Task description: Look for "define R where" in the entries below. Then write out exactly the line that holds it and every line after it, to the last, and nothing else.

# # # # # # #

lemma fps_poly_eval_mult: "fps_poly_eval t (F * G) = fps_poly_eval t F * fps_poly_eval t G"
  by (rule fps_ext) (simp add: fps_mult_nth poly_sum)

lemma fps_poly_eval_add: "fps_poly_eval t (F + G) = fps_poly_eval t F + fps_poly_eval t G"
  by (rule fps_ext) simp

lemma fps_poly_eval_fps_euler: "fps_poly_eval t (fps_euler F) = fps_euler (fps_poly_eval t F)"
  by (rule fps_ext) (simp add: of_nat_poly)

text \<open>The quotient \<open>R exp (-G)\<close> is fixed by \<open>z d/dz\<close>, hence a multiple of \<open>z\<close>.\<close>
lemma fps_euler_linear_ode_solution:
  fixes R G :: "real fps"
  assumes "R $ 0 = 0" "G $ 0 = 0" and ode: "fps_euler R = R + R * fps_euler G"
  shows "R = fps_const (R $ 1) * fps_X * (fps_exp 1 oo G)"
proof -
  define E' where "E' = fps_exp (-1) oo G"
  define E where "E = fps_exp 1 oo G"
  have E'_deriv: "fps_deriv E' = - E' * fps_deriv G"
    unfolding E'_def using assms(2)
    by (simp add: fps_compose_deriv fps_compose_uminus fps_const_neg[symmetric] del: fps_const_neg)
  have "E' * E = 1"
  proof -
    have "fps_exp (-1) * fps_exp 1 = (1 :: real fps)"
      by (simp add: fps_exp_add_mult[symmetric])
    then show ?thesis
      unfolding E'_def E_def by (simp add: fps_compose_mult_distrib[OF assms(2), symmetric])
  qed
  then have R_eq: "R = (R * E') * E"
    by (simp add: mult.assoc)
  have fixed: "fps_euler (R * E') = R * E'"
    using ode E'_deriv by (simp add: fps_euler_mult fps_euler_def algebra_simps)
  have "(R * E') $ n = 0" if "n \<noteq> 1" for n
    using arg_cong[OF fixed, of "\<lambda>F. F $ n"] that by (cases "(R * E') $ n = 0") auto
  moreover have "(R * E') $ 1 = R $ 1"
    by (simp add: fps_mult_nth assms(1) E'_def sum.atLeast0_atMost_Suc)
  ultimately have "R * E' = fps_const (R $ 1) * fps_X"
    by (intro fps_ext) (auto simp: fps_X_def)
  then show ?thesis
    using R_eq unfolding E_def by simp
qed

lemma poly_rho_poly_exp_series:
  "poly (rho_poly l (Suc n)) t = t * (\<Sum>m=0..n. (fps_poly_eval t (kernel_poly_fps l) ^ m) $ n / fact m)"
proof -
  define R where "R = fps_poly_eval t (rho_poly_fps l)"
  define G where "G = fps_poly_eval t (kernel_poly_fps l)"
  have "fps_euler R = R + R * fps_euler G"
    using arg_cong[OF rho_poly_fps_ode[of l], of "fps_poly_eval t"]
    by (simp add: R_def G_def fps_poly_eval_add fps_poly_eval_mult fps_poly_eval_fps_euler)
  moreover have "R $ 0 = 0" "G $ 0 = 0" "R $ 1 = t"
    by (simp_all add: R_def G_def rho_poly_fps_def kernel_poly_fps_def rho_poly_def kernel_poly_def
        rho_coeff.simps poly_monom)
  ultimately have "R = fps_const t * fps_X * (fps_exp 1 oo G)"
    using fps_euler_linear_ode_solution[of R G] by simp
  then have "R $ Suc n = t * (fps_exp 1 oo G) $ n"
    by (simp add: mult.assoc)
  then show ?thesis
    by (simp add: R_def rho_poly_fps_def fps_compose_nth G_def)
qed

section \<open>Compositions\<close>

lemma compositions_nth_bounds:
  assumes "ks \<in> compositions n m" "i < m"
  shows "1 \<le> ks ! i" "ks ! i \<le> n"
proof -
  have "ks ! i \<in> set ks" using assms by (auto simp: compositions_def)
  then show "1 \<le> ks ! i" "ks ! i \<le> n"
    using assms(1) member_le_sum_list[of "ks ! i" ks] by (auto simp: compositions_def)
qed

lemma compositions_Suc:
  "compositions n (Suc m) = (\<Union>j\<in>{1..n}. (#) j ` compositions (n - j) m)"
proof (intro set_eqI iffI)
  fix ks assume "ks \<in> compositions n (Suc m)"
  then obtain j ks' where "ks = j # ks'" "length ks' = m" "1 \<le> j" "\<forall>k\<in>set ks'. 1 \<le> k"
      "j + sum_list ks' = n"
    by (cases ks) (auto simp: compositions_def)
  then show "ks \<in> (\<Union>j\<in>{1..n}. (#) j ` compositions (n - j) m)"
    by (auto simp: compositions_def intro!: bexI[of _ j])
qed (auto simp: compositions_def)

lemma finite_compositions: "finite (compositions n m)"
proof (rule finite_subset)
  show "compositions n m \<subseteq> {ks. set ks \<subseteq> {..n} \<and> length ks = m}"
    by (auto simp: compositions_def dest: member_le_sum_list)
qed (rule finite_lists_length_eq, simp)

# # # # # # #

Output of the exercise:
  define R where "R = fps_poly_eval t (rho_poly_fps l)"
  define G where "G = fps_poly_eval t (kernel_poly_fps l)"
  have "fps_euler R = R + R * fps_euler G"
    using arg_cong[OF rho_poly_fps_ode[of l], of "fps_poly_eval t"]
    by (simp add: R_def G_def fps_poly_eval_add fps_poly_eval_mult fps_poly_eval_fps_euler)
  moreover have "R $ 0 = 0" "G $ 0 = 0" "R $ 1 = t"
    by (simp_all add: R_def G_def rho_poly_fps_def kernel_poly_fps_def rho_poly_def kernel_poly_def
        rho_coeff.simps poly_monom)
  ultimately have "R = fps_const t * fps_X * (fps_exp 1 oo G)"
    using fps_euler_linear_ode_solution[of R G] by simp
  then have "R $ Suc n = t * (fps_exp 1 oo G) $ n"
    by (simp add: mult.assoc)
  then show ?thesis
    by (simp add: R_def rho_poly_fps_def fps_compose_nth G_def)
qed

section \<open>Compositions\<close>

lemma compositions_nth_bounds:
  assumes "ks \<in> compositions n m" "i < m"
  shows "1 \<le> ks ! i" "ks ! i \<le> n"
proof -
  have "ks ! i \<in> set ks" using assms by (auto simp: compositions_def)
  then show "1 \<le> ks ! i" "ks ! i \<le> n"
    using assms(1) member_le_sum_list[of "ks ! i" ks] by (auto simp: compositions_def)
qed

lemma compositions_Suc:
  "compositions n (Suc m) = (\<Union>j\<in>{1..n}. (#) j ` compositions (n - j) m)"
proof (intro set_eqI iffI)
  fix ks assume "ks \<in> compositions n (Suc m)"
  then obtain j ks' where "ks = j # ks'" "length ks' = m" "1 \<le> j" "\<forall>k\<in>set ks'. 1 \<le> k"
      "j + sum_list ks' = n"
    by (cases ks) (auto simp: compositions_def)
  then show "ks \<in> (\<Union>j\<in>{1..n}. (#) j ` compositions (n - j) m)"
    by (auto simp: compositions_def intro!: bexI[of _ j])
qed (auto simp: compositions_def)

lemma finite_compositions: "finite (compositions n m)"
proof (rule finite_subset)
  show "compositions n m \<subseteq> {ks. set ks \<subseteq> {..n} \<and> length ks = m}"
    by (auto simp: compositions_def dest: member_le_sum_list)
qed (rule finite_lists_length_eq, simp)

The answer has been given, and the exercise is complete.